►

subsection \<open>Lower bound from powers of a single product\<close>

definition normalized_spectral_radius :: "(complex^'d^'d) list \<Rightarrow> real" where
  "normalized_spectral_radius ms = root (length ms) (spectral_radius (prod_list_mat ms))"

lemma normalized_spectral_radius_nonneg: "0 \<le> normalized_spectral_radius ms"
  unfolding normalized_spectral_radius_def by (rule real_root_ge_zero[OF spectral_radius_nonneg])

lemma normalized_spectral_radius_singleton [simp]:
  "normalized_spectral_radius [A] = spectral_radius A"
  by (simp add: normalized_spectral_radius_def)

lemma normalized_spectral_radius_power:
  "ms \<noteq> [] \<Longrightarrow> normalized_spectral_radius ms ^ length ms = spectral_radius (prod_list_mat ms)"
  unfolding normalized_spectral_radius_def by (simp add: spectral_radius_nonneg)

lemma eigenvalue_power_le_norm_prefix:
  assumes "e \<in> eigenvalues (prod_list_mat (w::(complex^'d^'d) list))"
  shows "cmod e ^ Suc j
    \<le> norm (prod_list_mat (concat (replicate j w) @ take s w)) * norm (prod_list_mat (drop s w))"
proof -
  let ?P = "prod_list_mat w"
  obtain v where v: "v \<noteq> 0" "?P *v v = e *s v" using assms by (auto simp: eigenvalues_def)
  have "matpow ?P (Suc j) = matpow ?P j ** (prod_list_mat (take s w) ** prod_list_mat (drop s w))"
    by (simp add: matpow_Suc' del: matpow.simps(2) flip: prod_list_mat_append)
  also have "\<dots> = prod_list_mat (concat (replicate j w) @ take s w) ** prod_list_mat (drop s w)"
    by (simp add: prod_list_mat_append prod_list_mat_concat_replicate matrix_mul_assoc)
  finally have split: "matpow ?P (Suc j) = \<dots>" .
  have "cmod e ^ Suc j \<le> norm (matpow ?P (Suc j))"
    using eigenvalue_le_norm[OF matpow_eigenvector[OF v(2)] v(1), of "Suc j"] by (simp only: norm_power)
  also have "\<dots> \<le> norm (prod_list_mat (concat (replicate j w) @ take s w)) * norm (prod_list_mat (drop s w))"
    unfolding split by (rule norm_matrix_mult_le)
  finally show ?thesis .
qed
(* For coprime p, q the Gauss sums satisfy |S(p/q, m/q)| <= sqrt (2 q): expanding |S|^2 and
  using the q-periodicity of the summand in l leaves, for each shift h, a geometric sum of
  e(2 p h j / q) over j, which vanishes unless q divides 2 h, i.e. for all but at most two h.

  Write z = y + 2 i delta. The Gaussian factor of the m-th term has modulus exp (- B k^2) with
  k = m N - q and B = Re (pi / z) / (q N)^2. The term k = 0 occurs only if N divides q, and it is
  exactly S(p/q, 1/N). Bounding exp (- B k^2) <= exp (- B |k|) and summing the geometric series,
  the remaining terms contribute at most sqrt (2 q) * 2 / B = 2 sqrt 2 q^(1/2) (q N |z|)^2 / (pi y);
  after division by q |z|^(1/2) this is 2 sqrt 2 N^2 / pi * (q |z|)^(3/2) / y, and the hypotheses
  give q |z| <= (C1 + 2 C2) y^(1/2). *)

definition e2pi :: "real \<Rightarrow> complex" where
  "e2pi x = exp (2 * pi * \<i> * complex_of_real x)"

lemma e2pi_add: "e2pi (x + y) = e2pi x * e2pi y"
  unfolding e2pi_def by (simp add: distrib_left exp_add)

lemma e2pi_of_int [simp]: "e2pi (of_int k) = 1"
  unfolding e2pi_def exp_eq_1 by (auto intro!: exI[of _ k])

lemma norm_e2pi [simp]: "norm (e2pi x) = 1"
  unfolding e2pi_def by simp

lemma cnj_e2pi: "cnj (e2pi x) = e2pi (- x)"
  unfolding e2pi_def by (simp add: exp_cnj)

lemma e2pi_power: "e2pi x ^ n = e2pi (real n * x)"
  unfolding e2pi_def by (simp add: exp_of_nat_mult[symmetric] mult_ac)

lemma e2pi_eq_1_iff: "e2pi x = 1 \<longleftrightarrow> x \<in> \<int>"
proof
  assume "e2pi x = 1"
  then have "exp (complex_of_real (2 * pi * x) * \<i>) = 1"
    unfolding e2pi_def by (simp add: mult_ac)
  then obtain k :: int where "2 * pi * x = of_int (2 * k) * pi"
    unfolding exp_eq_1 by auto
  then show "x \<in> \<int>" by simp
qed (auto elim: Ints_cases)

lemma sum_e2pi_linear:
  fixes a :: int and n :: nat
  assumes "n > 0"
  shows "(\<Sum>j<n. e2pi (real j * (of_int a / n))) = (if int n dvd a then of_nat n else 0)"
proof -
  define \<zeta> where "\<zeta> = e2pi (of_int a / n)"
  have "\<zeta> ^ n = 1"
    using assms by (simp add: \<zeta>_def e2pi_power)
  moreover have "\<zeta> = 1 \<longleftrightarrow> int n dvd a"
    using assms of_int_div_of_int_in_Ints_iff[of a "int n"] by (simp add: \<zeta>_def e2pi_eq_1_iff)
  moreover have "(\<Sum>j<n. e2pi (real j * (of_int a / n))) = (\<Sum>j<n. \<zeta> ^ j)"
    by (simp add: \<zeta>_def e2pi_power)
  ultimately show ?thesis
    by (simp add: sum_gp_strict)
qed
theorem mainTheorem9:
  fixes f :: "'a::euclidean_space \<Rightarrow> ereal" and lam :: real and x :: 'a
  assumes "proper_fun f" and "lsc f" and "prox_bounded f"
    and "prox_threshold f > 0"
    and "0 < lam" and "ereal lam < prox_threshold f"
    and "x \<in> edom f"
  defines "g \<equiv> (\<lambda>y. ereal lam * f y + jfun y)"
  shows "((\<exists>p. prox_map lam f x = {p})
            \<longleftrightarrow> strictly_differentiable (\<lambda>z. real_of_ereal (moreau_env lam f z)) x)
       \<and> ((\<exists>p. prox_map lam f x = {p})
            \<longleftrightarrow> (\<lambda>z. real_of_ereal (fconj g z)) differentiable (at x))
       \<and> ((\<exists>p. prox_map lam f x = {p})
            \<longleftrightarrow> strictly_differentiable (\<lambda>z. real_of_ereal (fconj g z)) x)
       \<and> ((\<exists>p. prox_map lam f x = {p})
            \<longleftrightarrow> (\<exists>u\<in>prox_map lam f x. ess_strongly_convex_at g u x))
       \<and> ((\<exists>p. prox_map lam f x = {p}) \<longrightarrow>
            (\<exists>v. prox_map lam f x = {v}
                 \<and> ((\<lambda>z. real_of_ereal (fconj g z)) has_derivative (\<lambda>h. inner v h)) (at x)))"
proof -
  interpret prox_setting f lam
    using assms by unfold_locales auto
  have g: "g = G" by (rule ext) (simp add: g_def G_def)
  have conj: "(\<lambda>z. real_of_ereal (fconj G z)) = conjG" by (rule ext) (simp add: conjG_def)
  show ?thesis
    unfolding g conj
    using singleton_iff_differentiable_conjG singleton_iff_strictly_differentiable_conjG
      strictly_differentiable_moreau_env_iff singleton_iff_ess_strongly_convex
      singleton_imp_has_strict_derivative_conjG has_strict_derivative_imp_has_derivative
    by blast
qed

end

◄

THE PROBLEM. Set down all of the data above, word for word.

ANSWER SECTION.
subsection \<open>Lower bound from powers of a single product\<close>

definition normalized_spectral_radius :: "(complex^'d^'d) list \<Rightarrow> real" where
  "normalized_spectral_radius ms = root (length ms) (spectral_radius (prod_list_mat ms))"

lemma normalized_spectral_radius_nonneg: "0 \<le> normalized_spectral_radius ms"
  unfolding normalized_spectral_radius_def by (rule real_root_ge_zero[OF spectral_radius_nonneg])

lemma normalized_spectral_radius_singleton [simp]:
  "normalized_spectral_radius [A] = spectral_radius A"
  by (simp add: normalized_spectral_radius_def)

lemma normalized_spectral_radius_power:
  "ms \<noteq> [] \<Longrightarrow> normalized_spectral_radius ms ^ length ms = spectral_radius (prod_list_mat ms)"
  unfolding normalized_spectral_radius_def by (simp add: spectral_radius_nonneg)

lemma eigenvalue_power_le_norm_prefix:
  assumes "e \<in> eigenvalues (prod_list_mat (w::(complex^'d^'d) list))"
  shows "cmod e ^ Suc j
    \<le> norm (prod_list_mat (concat (replicate j w) @ take s w)) * norm (prod_list_mat (drop s w))"
proof -
  let ?P = "prod_list_mat w"
  obtain v where v: "v \<noteq> 0" "?P *v v = e *s v" using assms by (auto simp: eigenvalues_def)
  have "matpow ?P (Suc j) = matpow ?P j ** (prod_list_mat (take s w) ** prod_list_mat (drop s w))"
    by (simp add: matpow_Suc' del: matpow.simps(2) flip: prod_list_mat_append)
  also have "\<dots> = prod_list_mat (concat (replicate j w) @ take s w) ** prod_list_mat (drop s w)"
    by (simp add: prod_list_mat_append prod_list_mat_concat_replicate matrix_mul_assoc)
  finally have split: "matpow ?P (Suc j) = \<dots>" .
  have "cmod e ^ Suc j \<le> norm (matpow ?P (Suc j))"
    using eigenvalue_le_norm[OF matpow_eigenvector[OF v(2)] v(1), of "Suc j"] by (simp only: norm_power)
  also have "\<dots> \<le> norm (prod_list_mat (concat (replicate j w) @ take s w)) * norm (prod_list_mat (drop s w))"
    unfolding split by (rule norm_matrix_mult_le)
  finally show ?thesis .
qed
(* For coprime p, q the Gauss sums satisfy |S(p/q, m/q)| <= sqrt (2 q): expanding |S|^2 and
  using the q-periodicity of the summand in l leaves, for each shift h, a geometric sum of
  e(2 p h j / q) over j, which vanishes unless q divides 2 h, i.e. for all but at most two h.

  Write z = y + 2 i delta. The Gaussian factor of the m-th term has modulus exp (- B k^2) with
  k = m N - q and B = Re (pi / z) / (q N)^2. The term k = 0 occurs only if N divides q, and it is
  exactly S(p/q, 1/N). Bounding exp (- B k^2) <= exp (- B |k|) and summing the geometric series,
  the remaining terms contribute at most sqrt (2 q) * 2 / B = 2 sqrt 2 q^(1/2) (q N |z|)^2 / (pi y);
  after division by q |z|^(1/2) this is 2 sqrt 2 N^2 / pi * (q |z|)^(3/2) / y, and the hypotheses
  give q |z| <= (C1 + 2 C2) y^(1/2). *)

definition e2pi :: "real \<Rightarrow> complex" where
  "e2pi x = exp (2 * pi * \<i> * complex_of_real x)"

lemma e2pi_add: "e2pi (x + y) = e2pi x * e2pi y"
  unfolding e2pi_def by (simp add: distrib_left exp_add)

lemma e2pi_of_int [simp]: "e2pi (of_int k) = 1"
  unfolding e2pi_def exp_eq_1 by (auto intro!: exI[of _ k])

lemma norm_e2pi [simp]: "norm (e2pi x) = 1"
  unfolding e2pi_def by simp

lemma cnj_e2pi: "cnj (e2pi x) = e2pi (- x)"
  unfolding e2pi_def by (simp add: exp_cnj)

lemma e2pi_power: "e2pi x ^ n = e2pi (real n * x)"
  unfolding e2pi_def by (simp add: exp_of_nat_mult[symmetric] mult_ac)

lemma e2pi_eq_1_iff: "e2pi x = 1 \<longleftrightarrow> x \<in> \<int>"
proof
  assume "e2pi x = 1"
  then have "exp (complex_of_real (2 * pi * x) * \<i>) = 1"
    unfolding e2pi_def by (simp add: mult_ac)
  then obtain k :: int where "2 * pi * x = of_int (2 * k) * pi"
    unfolding exp_eq_1 by auto
  then show "x \<in> \<int>" by simp
qed (auto elim: Ints_cases)

lemma sum_e2pi_linear:
  fixes a :: int and n :: nat
  assumes "n > 0"
  shows "(\<Sum>j<n. e2pi (real j * (of_int a / n))) = (if int n dvd a then of_nat n else 0)"
proof -
  define \<zeta> where "\<zeta> = e2pi (of_int a / n)"
  have "\<zeta> ^ n = 1"
    using assms by (simp add: \<zeta>_def e2pi_power)
  moreover have "\<zeta> = 1 \<longleftrightarrow> int n dvd a"
    using assms of_int_div_of_int_in_Ints_iff[of a "int n"] by (simp add: \<zeta>_def e2pi_eq_1_iff)
  moreover have "(\<Sum>j<n. e2pi (real j * (of_int a / n))) = (\<Sum>j<n. \<zeta> ^ j)"
    by (simp add: \<zeta>_def e2pi_power)
  ultimately show ?thesis
    by (simp add: sum_gp_strict)
qed
theorem mainTheorem9:
  fixes f :: "'a::euclidean_space \<Rightarrow> ereal" and lam :: real and x :: 'a
  assumes "proper_fun f" and "lsc f" and "prox_bounded f"
    and "prox_threshold f > 0"
    and "0 < lam" and "ereal lam < prox_threshold f"
    and "x \<in> edom f"
  defines "g \<equiv> (\<lambda>y. ereal lam * f y + jfun y)"
  shows "((\<exists>p. prox_map lam f x = {p})
            \<longleftrightarrow> strictly_differentiable (\<lambda>z. real_of_ereal (moreau_env lam f z)) x)
       \<and> ((\<exists>p. prox_map lam f x = {p})
            \<longleftrightarrow> (\<lambda>z. real_of_ereal (fconj g z)) differentiable (at x))
       \<and> ((\<exists>p. prox_map lam f x = {p})
            \<longleftrightarrow> strictly_differentiable (\<lambda>z. real_of_ereal (fconj g z)) x)
       \<and> ((\<exists>p. prox_map lam f x = {p})
            \<longleftrightarrow> (\<exists>u\<in>prox_map lam f x. ess_strongly_convex_at g u x))
       \<and> ((\<exists>p. prox_map lam f x = {p}) \<longrightarrow>
            (\<exists>v. prox_map lam f x = {v}
                 \<and> ((\<lambda>z. real_of_ereal (fconj g z)) has_derivative (\<lambda>h. inner v h)) (at x)))"
proof -
  interpret prox_setting f lam
    using assms by unfold_locales auto
  have g: "g = G" by (rule ext) (simp add: g_def G_def)
  have conj: "(\<lambda>z. real_of_ereal (fconj G z)) = conjG" by (rule ext) (simp add: conjG_def)
  show ?thesis
    unfolding g conj
    using singleton_iff_differentiable_conjG singleton_iff_strictly_differentiable_conjG
      strictly_differentiable_moreau_env_iff singleton_iff_ess_strongly_convex
      singleton_imp_has_strict_derivative_conjG has_strict_derivative_imp_has_derivative
    by blast
qed

end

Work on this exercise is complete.